To ensure the feasibility of the wheat redistribution, the government should establish a pricing mechanism for irrigation water costs and provide subsidies to compensate farmers for any income loss, taking local conditions into account. Additionally, the government should scientifically guide the adjustment of wheat planting systems and fallow practices. For example, a previous study estimated that saving 30% to 32% of blue water would require subsidizing farmers an additional 5% of their current income26. Innovative approaches should be explored to establish a mechanism linking irrigation water costs or farmer subsidies with groundwater table recovery, guiding farmers to adjust their planting systems accordingly. Our analysis offers a spatially explicit guide for the government to scientifically allocate agricultural subsidy funding in such GWD regions.

Uncertainties and limitations

We used the spatial production allocation model (SPAM) to allocate county-level statistical data on wheat yield and harvested area to gridded data at a 1 km × 1 km resolution. Previous studies have tested the model’s uncertainty and found that the results depend on the quality and accuracy of the underlying statistics40. Our estimates of wheat yield and harvested area using SPAM showed better agreement with county-level statistical data than the SPAM2010 data (Supplementary Fig. 3a, b). Additionally, we validated our wheat harvested area using the investigation data from well-facilitated farmland41, the accuracy of our results (90.68%) was slightly higher than that of wheat area data produced by remote sensing42 (87.71%) (Supplementary Fig. 3c, d).

In addition, we performed uncertainty analyses by varying the constraints of wheat production and blue water use across different scenarios, and then identified the resulting changes in food production, resource use, and environmental impacts (Supplementary Table 2). In S1, we adjusted the constraints on wheat production to allow reductions of less than 5% and 10% for uncertainties 1 and 2, and increase of 5%, 10% for uncertainties 3 and 4, respectively. In both S2 and S3, we modified the proportions of renewable blue water used for wheat irrigation and the constraint ranges of renewable blue water. The uncertainty analysis showed that, regardless of the production-constraint scenarios, the resource efficiencies of land, irrigation water, and N input would increase (Supplementary Table 3). Although there are some variations in the benefits related to production, resources, and environment, the overall trends remain consistent under different scenarios of wheat redistribution.
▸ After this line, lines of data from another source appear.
lemma ms_conv_noise_err:
  fixes X :: "real \<Rightarrow> 'a \<Rightarrow> real"
  assumes nodes: "\<And>\<tau>. \<tau> \<in> {0..1} \<Longrightarrow> t0 + \<beta> * T * \<tau> \<ge> 0" and "\<beta> * T \<noteq> 0"
    and rv: "\<And>t. t \<ge> 0 \<Longrightarrow> X t \<in> borel_measurable M"
    and L2: "\<And>t. t \<ge> 0 \<Longrightarrow> integrable M (\<lambda>x. (X t x)^2)"
    and var_cont: "continuous_on {0..} (\<lambda>t. variance (X t))"
    and indep: "\<And>s t. s \<ge> 0 \<Longrightarrow> t \<ge> 0 \<Longrightarrow> s \<noteq> t \<Longrightarrow> indep_var borel (X s) borel (X t)"
    and qw: "\<And>m i. i \<le> m \<Longrightarrow> 0 \<le> qw m i" "\<And>m i. i \<le> m \<Longrightarrow> qw m i \<le> B"
    and conv_sq: "quad_conv qw (\<lambda>\<tau>. (p \<tau>)^2)"
    and conv_mean: "quad_conv qw (\<lambda>\<tau>. p \<tau> * expectation (X (t0 + \<beta> * T * \<tau>)))"
  shows "ms_conv M (noise_err qw p X \<beta> T t0)
           (integral {0..1} (\<lambda>\<tau>. p \<tau> * expectation (X (t0 + \<beta> * T * \<tau>))))"
proof -
  define L where "L = integral {0..1} (\<lambda>\<tau>. p \<tau> * expectation (X (t0 + \<beta> * T * \<tau>)))"
  have "continuous_on {0..1} (\<lambda>\<tau>. variance (X (t0 + \<beta> * T * \<tau>)))"
    by (rule continuous_on_compose2[OF var_cont]) (use nodes in \<open>auto intro: continuous_intros\<close>)
  from continuous_attains_sup[OF compact_Icc _ this] obtain \<tau>\<^sub>0 where
    V: "\<forall>\<tau>\<in>{0..1}. variance (X (t0 + \<beta> * T * \<tau>)) \<le> variance (X (t0 + \<beta> * T * \<tau>\<^sub>0))"
    by blast
  have variance_part:
    "(\<lambda>m. \<Sum>i=0..m. (qw m i / m)^2 * (p (i / m))^2 * variance (X (t0 + \<beta> * T * (i / m))))
       \<longlonglongrightarrow> 0"
  proof (rule quad_sum_sq_weights_tendsto_0[OF conv_sq qw])
    show "variance (X (t0 + \<beta> * T * (i / m))) \<le> variance (X (t0 + \<beta> * T * \<tau>\<^sub>0))"
      if "i \<le> m" for m i :: nat
      using V frac_in_unit_interval[OF that] by blast
  qed (simp_all add: variance_positive)
  have bias_part:
    "(\<lambda>m. \<Sum>i=0..m. qw m i / m * (p (i / m) * expectation (X (t0 + \<beta> * T * (i / m))))) \<longlonglongrightarrow> L"
    using conv_mean by (simp add: quad_conv_def L_def)
  have mean_square_error: "expectation (\<lambda>x. (noise_err qw p X \<beta> T t0 m x - L)^2)
      = (\<Sum>i=0..m. (qw m i / m)^2 * (p (i / m))^2 * variance (X (t0 + \<beta> * T * (i / m))))
        + ((\<Sum>i=0..m. qw m i / m * (p (i / m) * expectation (X (t0 + \<beta> * T * (i / m))))) - L)^2"
    for m
    by (rule expectation_sq_noise_err) (use nodes \<open>\<beta> * T \<noteq> 0\<close> rv L2 indep in auto)
  have "(\<lambda>m. expectation (\<lambda>x. (noise_err qw p X \<beta> T t0 m x - L)^2)) \<longlonglongrightarrow> 0 + (L - L)^2"
    unfolding mean_square_error
    by (intro tendsto_add tendsto_power tendsto_diff variance_part bias_part tendsto_const)
  then show ?thesis by (simp add: ms_conv_def L_def)
qed

end

theorem corollary2:
  fixes M :: "'w measure" and X :: "real \<Rightarrow> 'w \<Rightarrow> real"
    and I :: "real set" and n N :: nat and \<beta> \<xi> t0 T \<kappa> \<mu> :: real
    and qw :: "nat \<Rightarrow> nat \<Rightarrow> real"
  defines "p \<equiv> jac_kernel \<kappa> \<mu> n N \<xi> \<beta> T"
  assumes P: "prob_space M"
    and I: "is_interval I" "open I" "I \<subseteq> {0..}"
    and beta: "\<beta> \<in> {-1, 1}" and nN: "N \<ge> n" and xi: "\<xi> \<in> {0..1}"
    and t0: "t0 \<in> I" and T: "T > 0" "t0 + \<beta> * T \<in> I"
    and rv: "\<And>t. t \<ge> 0 \<Longrightarrow> X t \<in> borel_measurable M"
    and L2: "\<And>t. t \<ge> 0 \<Longrightarrow> integrable M (\<lambda>x. (X t x)^2)"
    and mean_cont: "continuous_on {0..} (\<lambda>t. prob_space.expectation M (X t))"
    and var_cont: "continuous_on {0..} (\<lambda>t. prob_space.variance M (X t))"
    and indep: "\<And>s t. s \<ge> 0 \<Longrightarrow> t \<ge> 0 \<Longrightarrow> s \<noteq> t \<Longrightarrow>
                  prob_space.indep_var M borel (X s) borel (X t)"
    and w_pos: "\<And>m i. 0 < i \<Longrightarrow> i < m \<Longrightarrow> qw m i > 0"
    and w_end: "\<And>m. qw m 0 \<ge> 0" "\<And>m. qw m m \<ge> 0"
    and w_kappa: "\<kappa> < 0 \<Longrightarrow> (\<forall>m. qw m 0 = 0)"
    and w_mu: "\<mu> < 0 \<Longrightarrow> (\<forall>m. qw m m = 0)"
    and w_bdd: "\<exists>B. \<forall>m i. i \<le> m \<longrightarrow> \<bar>qw m i\<bar> \<le> B"
    and conv1: "quad_conv qw (\<lambda>\<tau>. (p \<tau>)^2)"
    and conv2: "quad_conv qw (\<lambda>\<tau>. p \<tau> * prob_space.expectation M (X (t0 + \<beta> * T * \<tau>)))"
    and kappa: "\<kappa> > -1/2" and mu: "\<mu> > -1/2"
  shows "ms_conv M (noise_err qw p X \<beta> T t0)
           (integral {0..1} (\<lambda>\<tau>. p \<tau> * prob_space.expectation M (X (t0 + \<beta> * T * \<tau>))))
       \<and> ((\<exists>\<nu>::nat \<Rightarrow> real. \<forall>\<tau>\<ge>0. prob_space.expectation M (X \<tau>) = (\<Sum>i<n. \<nu> i * \<tau> ^ i))
            \<longrightarrow> ms_conv M (noise_err qw p X \<beta> T t0) 0)"
proof -
  interpret prob_space M by (rule P)
  have nodes: "t0 + \<beta> * T * \<tau> \<ge> 0" if "\<tau> \<in> {0..1}" for \<tau>
    using affine_nonneg_on_unit_interval[OF _ _ that] I(3) t0 T(2) by auto
  obtain B where "\<forall>m i. i \<le> m \<longrightarrow> \<bar>qw m i\<bar> \<le> B" using w_bdd by blast
  moreover have "0 \<le> qw m i" if "i \<le> m" for m i
    using w_pos[of i m] w_end that by (cases "i = 0 \<or> i = m") auto
  ultimately have conv_L: "ms_conv M (noise_err qw p X \<beta> T t0)
      (integral {0..1} (\<lambda>\<tau>. p \<tau> * expectation (X (t0 + \<beta> * T * \<tau>))))"
    using beta T conv1 conv2
    by (intro ms_conv_noise_err[OF nodes _ rv L2 var_cont indep, of qw B]) auto
  have L_eq_0: "integral {0..1} (\<lambda>\<tau>. p \<tau> * expectation (X (t0 + \<beta> * T * \<tau>))) = 0"
    if "\<forall>\<tau>\<ge>0. expectation (X \<tau>) = (\<Sum>i<n. \<nu> i * \<tau> ^ i)" for \<nu>
  proof -
    have "integral {0..1} (\<lambda>\<tau>. p \<tau> * expectation (X (t0 + \<beta> * T * \<tau>)))
        = integral {0..1} (\<lambda>\<tau>. p \<tau> * (\<Sum>i<n. \<nu> i * (t0 + \<beta> * T * \<tau>) ^ i))"
      using that nodes by (intro integral_cong) auto
    also have "\<dots> = 0"
      using has_integral_jac_kernel_mult_affine_poly kappa mu unfolding p_def
      by (intro integral_unique) auto
    finally show ?thesis .
  qed
  show ?thesis
  proof (intro conjI impI)
    assume "\<exists>\<nu>. \<forall>\<tau>\<ge>0. expectation (X \<tau>) = (\<Sum>i<n. \<nu> i * \<tau> ^ i)"
    then obtain \<nu> where mean: "\<forall>\<tau>\<ge>0. expectation (X \<tau>) = (\<Sum>i<n. \<nu> i * \<tau> ^ i)" by blast
    from conv_L show "ms_conv M (noise_err qw p X \<beta> T t0) 0" unfolding L_eq_0[OF mean] .
  qed (fact conv_L)
qed

end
Another source of uncertainty involves how the redistribution of other crops following wheat redistribution impacts the overall environmental changes in the HHH region. This region in China is a crucial grain production area, cultivating a diverse range of crops including wheat, maize, rice, soybean, groundnut, cotton, and rapeseed (Supplementary Table 4, Supplementary Note 1). The environmental impacts, considering the substitution between wheat and other crops, indicate that blue water use would decrease by 13.37–16.94% for the water-saving objective. Moreover, N input, total grey water, and total GHG emissions would be reduced by 12.71–19.71%, 12.71–19.71%, and 13.04–17.92%, respectively, under different scenarios (Supplementary Table 5). Crop redistribution also offers notable potential for improvement in the GWD region. By aiming for water-saving objectives, reductions of 14.18–21.56% in the blue water footprint can be achieved, while pursuing fertilizer-saving objectives can lead to decreases of 13.10–28.64% in both N fertilizer application and grey water footprint, along with 14.73–27.43% in GHG emission, depending on various scenarios. The trends in improvement potential under various scenarios align closely with the results when only considering the environmental footprint change of wheat, particularly in the GWD region. However, the absolute reduction values would vary depending on the objectives and crop substitution choices.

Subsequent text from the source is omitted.